lemma is_Sminus_op_of_coeffs:
  fixes f :: "nat \<Rightarrow> nat \<Rightarrow> nat \<Rightarrow> int \<Rightarrow> 'k::field_char_0"
  assumes adm: "\<And>a b. admissible f a b"
  shows "is_Sminus (op_of_coeffs f)"
proof -
  have Z: "\<forall>q m. m \<ge> 0 \<longrightarrow> op_of_coeffs f q m = (\<lambda>_ _. 0)"
    using adm unfolding admissible_def op_of_coeffs_def by (auto intro!: ext)
  have D: "is_D1hat (\<lambda>q. op_of_coeffs f q m)" for m
    unfolding is_D1hat_def
  proof
    fix n
    define B where "B = (\<Union>i<n. \<Union>j<n. {q. f i j q m \<noteq> 0})"
    have "finite B" unfolding B_def using adm unfolding admissible_def by auto
    then obtain Q where "B \<subseteq> {..<Q}" by (auto simp: finite_nat_set_iff_bounded)
    then have "\<forall>q\<ge>Q. in_Mpow (op_of_coeffs f q m) n"
      unfolding in_Mpow_def op_of_coeffs_def B_def by fastforce
    then show "\<exists>Q. \<forall>q\<ge>Q. in_Mpow (op_of_coeffs f q m) n" by blast
  qed
  have "\<exists>M. \<forall>m>M. \<forall>q. op_of_coeffs f q m = (\<lambda>_ _. 0)" using Z by (intro exI[of _ "-1"]) auto
  then show ?thesis unfolding is_Sminus_def is_Eplus_def using Z D by blast
qed

section \<open>Subspaces with support W0\<close>

locale supp_W0 =
  fixes W :: "('k::field_char_0) ser2 set"
  assumes W_Vsp: "W \<subseteq> Vsp" and W_subspace: "subspace2 W" and W_Supp: "Supp W = W0"
begin

lemmas W_lin = subspace2_lin[OF W_subspace]

lemmas W_zero = subspace2_zero[OF W_subspace]

lemma W_sum: "finite F \<Longrightarrow> \<forall>p\<in>F. g p \<in> W \<Longrightarrow> (\<lambda>i j. \<Sum>p\<in>F. c p * g p i j) \<in> W"
proof (induction F rule: finite_induct)
  case empty then show ?case using W_zero by simp
next
  case (insert p F)
  then have "(\<lambda>i j. 1 * (\<Sum>p\<in>F. c p * g p i j) + c p * g p i j) \<in> W"
    by (intro W_lin) auto
  then show ?case using insert by (simp add: add.commute)
qed

lemma point_Supp_iff: "point i j \<in> Supp W \<longleftrightarrow> (i, j) \<in> lt_exp ` (W - {\<lambda>_ _. 0})"
  using point_L2[of i j] unfolding Supp_def point_def by auto

lemma lowest_nonpos:
  assumes "w \<in> W" "is_lowest w i j" shows "i \<le> 0 \<and> j \<le> 0"
proof -
  have "w \<noteq> (\<lambda>_ _. 0)" using assms(2) by (auto simp: is_lowest_def)
  then have "(i, j) \<in> lt_exp ` (W - {\<lambda>_ _. 0})"
    using lt_exp_lowest[OF assms(2)] assms(1) by force
  then show ?thesis using point_Supp_iff point_W0_iff W_Supp by blast
qed

lemma lowest_realized:
  assumes "i \<le> 0" "j \<le> 0" shows "\<exists>w\<in>W. is_lowest w i j"
proof -
  have "point i j \<in> Supp W" using assms W_Supp by (simp add: point_W0_iff)
  then have "(i, j) \<in> lt_exp ` (W - {\<lambda>_ _. 0})" using point_Supp_iff by blast
  then obtain w where "w \<in> W - {\<lambda>_ _. 0}" and lt: "(i, j) = lt_exp w" by (rule imageE)
  then have w: "w \<in> W" "w \<noteq> (\<lambda>_ _. 0)" by auto
  from w(2) obtain i0 j0 where "w i0 j0 \<noteq> 0" by (meson ext)
  moreover have "w \<in> Vsp" using w(1) W_Vsp by blast
  ultimately obtain i' j' where low: "is_lowest w i' j'" using lowest_exists by blast
  then have "(i', j') = (i, j)" using lt_exp_lowest[OF low] lt by simp
  then show ?thesis using low w(1) by blast
qed

lemma W_pos_zero:
  assumes w: "w \<in> W" and pos: "\<forall>i j. w i j \<noteq> 0 \<longrightarrow> j > 0"
  shows "w = (\<lambda>_ _. 0)"
proof (rule ccontr)
  assume "w \<noteq> (\<lambda>_ _. 0)"
  then obtain i0 j0 where "w i0 j0 \<noteq> 0" by (meson ext)
  then obtain i j where m: "is_lowest w i j" using lowest_exists w W_Vsp by blast
  then have "j \<le> 0" using lowest_nonpos w by blast
  then show False using m pos by (force simp: is_lowest_def)
qed

lemma W_eq_if_nonpos_eq:
  assumes w: "w \<in> W" "w' \<in> W" and eq: "\<forall>i j. j \<le> 0 \<longrightarrow> w i j = w' i j"
  shows "w = w'"
proof -
  have "\<forall>i j. 1 * w i j + (-1) * w' i j \<noteq> 0 \<longrightarrow> j > 0"
  proof (intro allI impI)
    fix i j assume "1 * w i j + (-1) * w' i j \<noteq> 0"
    then show "j > 0" using eq by (cases "j \<le> 0") auto
  qed
  then have d: "(\<lambda>i j. 1 * w i j + (-1) * w' i j) = (\<lambda>_ _. 0)"
    using W_pos_zero W_lin[OF w] by blast
  show ?thesis
  proof (intro ext)
    fix i j
    have "1 * w i j + (-1) * w' i j = 0" using fun_cong[OF fun_cong[OF d, of i], of j] by simp
    then show "w i j = w' i j" by simp
  qed
qed

lemma W_extends:
  assumes "x \<in> Vsp" shows "\<exists>w\<in>W. \<forall>i j. j \<le> 0 \<longrightarrow> w i j = x i j"
  using extend_by_lowest_terms[OF W_subspace W_Vsp lowest_realized assms] .

definition W_lift :: "'k ser2 \<Rightarrow> 'k ser2" where
  "W_lift x = (SOME w. w \<in> W \<and> (\<forall>i j. j \<le> 0 \<longrightarrow> w i j = x i j))"

lemma W_lift:
  assumes "x \<in> Vsp" shows "W_lift x \<in> W" and "\<forall>i j. j \<le> 0 \<longrightarrow> W_lift x i j = x i j"
proof -
  have "\<exists>w. w \<in> W \<and> (\<forall>i j. j \<le> 0 \<longrightarrow> w i j = x i j)" using W_extends[OF assms] by blast
  then have "W_lift x \<in> W \<and> (\<forall>i j. j \<le> 0 \<longrightarrow> W_lift x i j = x i j)"
    unfolding W_lift_def by (rule someI_ex)
  then show "W_lift x \<in> W" and "\<forall>i j. j \<le> 0 \<longrightarrow> W_lift x i j = x i j" by auto
qed

text \<open>A subspace V of W containing elements with every lowest term allowed by
  Supp W = W0 is all of W: an element of W agrees in z2-degrees <= 0 with an element of V.\<close>
lemma W_subset_by_lowest_terms:
  assumes V: "subspace2 V" "V \<subseteq> W"
    and low: "\<And>i j. i \<le> 0 \<Longrightarrow> j \<le> 0 \<Longrightarrow> \<exists>u\<in>V. is_lowest u i j"
  shows "W \<subseteq> V"
proof
  fix x assume x: "x \<in> W"
  have "V \<subseteq> Vsp" using V(2) W_Vsp by blast
  with x W_Vsp obtain v where "v \<in> V" "\<forall>i j. j \<le> 0 \<longrightarrow> v i j = x i j"
    using extend_by_lowest_terms[OF V(1) _ low] by blast
  moreover from this have "v = x" using W_eq_if_nonpos_eq V(2) x by blast
  ultimately show "x \<in> V" by simp
qed

end

section \<open>The recursive construction of S\<close>

context supp_W0
begin

text \<open>Once the Taylor coefficients of the orders below (a, b) are known, z1^-a z2^-b S
  is known up to its top part, say x = z1^-a z2^-b + lower part.  For z1^-a z2^-b S to
  lie in W, the top part must be W_lift x - x, which determines the order (a, b).\<close>
definition coeff_step :: "nat \<Rightarrow> nat \<Rightarrow> 'k ser2 \<Rightarrow> nat \<Rightarrow> int \<Rightarrow> 'k" where
  "coeff_step a b x = (\<lambda>r n. if n < 0
     then (W_lift x (- int r) (- n) - x (- int r) (- n)) / (fact a * fact b) else 0)"

text \<open>coeff_layer N holds the Taylor coefficients of all orders (al, be) with al + be < N.\<close>
primrec coeff_layer :: "nat \<Rightarrow> nat \<Rightarrow> nat \<Rightarrow> nat \<Rightarrow> int \<Rightarrow> 'k" where
  "coeff_layer 0 = (\<lambda>_ _ _ _. 0)"
| "coeff_layer (Suc N) = (\<lambda>al be. if al + be = N
     then coeff_step al be (\<lambda>i j. zmono al be i j + lower_part al be (coeff_layer N) i j)
     else coeff_layer N al be)"

definition coeffs :: "nat \<Rightarrow> nat \<Rightarrow> nat \<Rightarrow> int \<Rightarrow> 'k" where
  "coeffs al be = coeff_layer (Suc (al + be)) al be"

text \<open>The value of z1^-a z2^-b S forced outside the top part.\<close>
definition seed :: "nat \<Rightarrow> nat \<Rightarrow> 'k ser2" where
  "seed a b = (\<lambda>i j. zmono a b i j + lower_part a b coeffs i j)"

definition S_op :: "'k op" where
  "S_op = E_add E_one (op_of_coeffs coeffs)"

lemma coeff_layer_coeffs: "al + be < N \<Longrightarrow> coeff_layer N al be = coeffs al be"
  by (induction N) (auto simp: coeffs_def)

lemma coeffs_step: "coeffs a b = coeff_step a b (seed a b)"
proof -
  have "lower_part a b (coeff_layer (a + b)) = lower_part a b coeffs"
    by (intro lower_part_cong coeff_layer_coeffs lower_order_less)
  then show ?thesis by (simp add: coeffs_def seed_def)
qed

lemma coeff_step_admissible:
  assumes "x \<in> Vsp"
  shows "(\<forall>r n. n \<ge> 0 \<longrightarrow> coeff_step a b x r n = 0) \<and> (\<forall>n. finite {r. coeff_step a b x r n \<noteq> 0})"
proof -
  have "finite {r. coeff_step a b x r n \<noteq> 0}" for n
  proof (rule finite_subset)
    show "{r. coeff_step a b x r n \<noteq> 0} \<subseteq> (\<lambda>r. - int r) -` ({i. W_lift x i (- n) \<noteq> 0} \<union> {i. x i (- n) \<noteq> 0})"
      by (auto simp: coeff_step_def)
    have "W_lift x \<in> Vsp" using W_lift(1)[OF assms] W_Vsp by blast
    then show "finite ((\<lambda>r. - int r) -` ({i. W_lift x i (- n) \<noteq> 0} \<union> {i. x i (- n) \<noteq> 0}))"
      using assms unfolding Vsp_def by (intro finite_vimageI) (auto simp: inj_on_def)
  qed
  then show ?thesis by (simp add: coeff_step_def)
qed

lemma coeffs_admissible: "admissible coeffs a b"
proof (induction "a + b" arbitrary: a b rule: less_induct)
  case less
  have "seed a b \<in> Vsp"
    unfolding seed_def by (rule mono_plus_lower_Vsp) (use less lower_order_less in blast)
  then show ?case
    using coeff_step_admissible by (simp add: admissible_def coeffs_step)
qed

lemma seed_Vsp: "seed a b \<in> Vsp"
  unfolding seed_def by (rule mono_plus_lower_Vsp) (rule coeffs_admissible)

lemma is_Sminus_coeffs: "is_Sminus (op_of_coeffs coeffs)"
  by (rule is_Sminus_op_of_coeffs) (rule coeffs_admissible)

lemma mono_image_S_op: "mono_image a b S_op = W_lift (seed a b)"
proof (intro ext)
  fix i j
  have liftV: "W_lift (seed a b) \<in> Vsp" using W_lift(1)[OF seed_Vsp] W_Vsp by blast
  have split: "mono_image a b S_op i j = seed a b i j + top_part a b coeffs i j"
    by (simp add: S_op_def mono_image_one_plus seed_def)
  show "mono_image a b S_op i j = W_lift (seed a b) i j"
  proof (cases "i \<le> 0")
    case True
    have "top_part a b coeffs i j = (if j > 0 then W_lift (seed a b) i j - seed a b i j else 0)"
      using True by (simp add: top_part_def coeffs_step coeff_step_def)
    then show ?thesis using split W_lift(2)[OF seed_Vsp] by (cases "j > 0") auto
  next
    case False
    then show ?thesis using liftV by (simp add: mono_image_def Vsp_def)
  qed
qed

lemma mono_image_S_op_in_W: "mono_image a b S_op \<in> W"
  unfolding mono_image_S_op by (rule W_lift(1)[OF seed_Vsp])

text \<open>Existence: W0 S = W.  The image is a subspace of W (each monomial goes into W)
  containing z1^-a z2^-b S, whose lowest term is z1^-a z2^-b.\<close>
lemma image_S_op: "(\<lambda>v. act v S_op) ` W0 = W"
proof
  show image_sub: "(\<lambda>v. act v S_op) ` W0 \<subseteq> W"
  proof clarify
    fix v :: "'k ser2" assume v: "v \<in> W0"
    have "act v S_op = (\<lambda>i j. \<Sum>p\<in>msupp v. v (- int (fst p)) (- int (snd p))
                                       * mono_image (fst p) (snd p) S_op i j)"
      using act_as_sum[OF v finite_msupp[OF v]] by (intro ext) (simp add: split_def)
    also have "\<dots> \<in> W"
      using finite_msupp[OF v] mono_image_S_op_in_W by (intro W_sum) auto
    finally show "act v S_op \<in> W" .
  qed
  show "W \<subseteq> (\<lambda>v. act v S_op) ` W0"
  proof (rule W_subset_by_lowest_terms[OF subspace2_act_image image_sub])
    fix i j :: int assume "i \<le> 0" "j \<le> 0"
    then have ij: "i = - int (nat (-i))" "j = - int (nat (-j))" by simp_all
    have "is_lowest (mono_image (nat (-i)) (nat (-j)) S_op) i j"
      unfolding S_op_def using mono_image_one_plus_lowest[OF coeffs_admissible] ij by metis
    moreover have "mono_image (nat (-i)) (nat (-j)) S_op \<in> (\<lambda>v. act v S_op) ` W0"
    proof (rule image_eqI)
      show "mono_image (nat (-i)) (nat (-j)) S_op = act (zmono (nat (-i)) (nat (-j))) S_op"
        by (rule act_zmono[symmetric])
      show "(zmono (nat (-i)) (nat (-j)) :: 'k ser2) \<in> W0" by (simp add: point_W0_iff)
    qed
    ultimately show "\<exists>u\<in>(\<lambda>v. act v S_op) ` W0. is_lowest u i j" by blast
  qed
qed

* * * * *

WORK REQUIRED » Show all lines in the entries above where the word "fixes" appears.

SOLUTION »
  fixes f :: "nat \<Rightarrow> nat \<Rightarrow> nat \<Rightarrow> int \<Rightarrow> 'k::field_char_0"
  fixes W :: "('k::field_char_0) ser2 set"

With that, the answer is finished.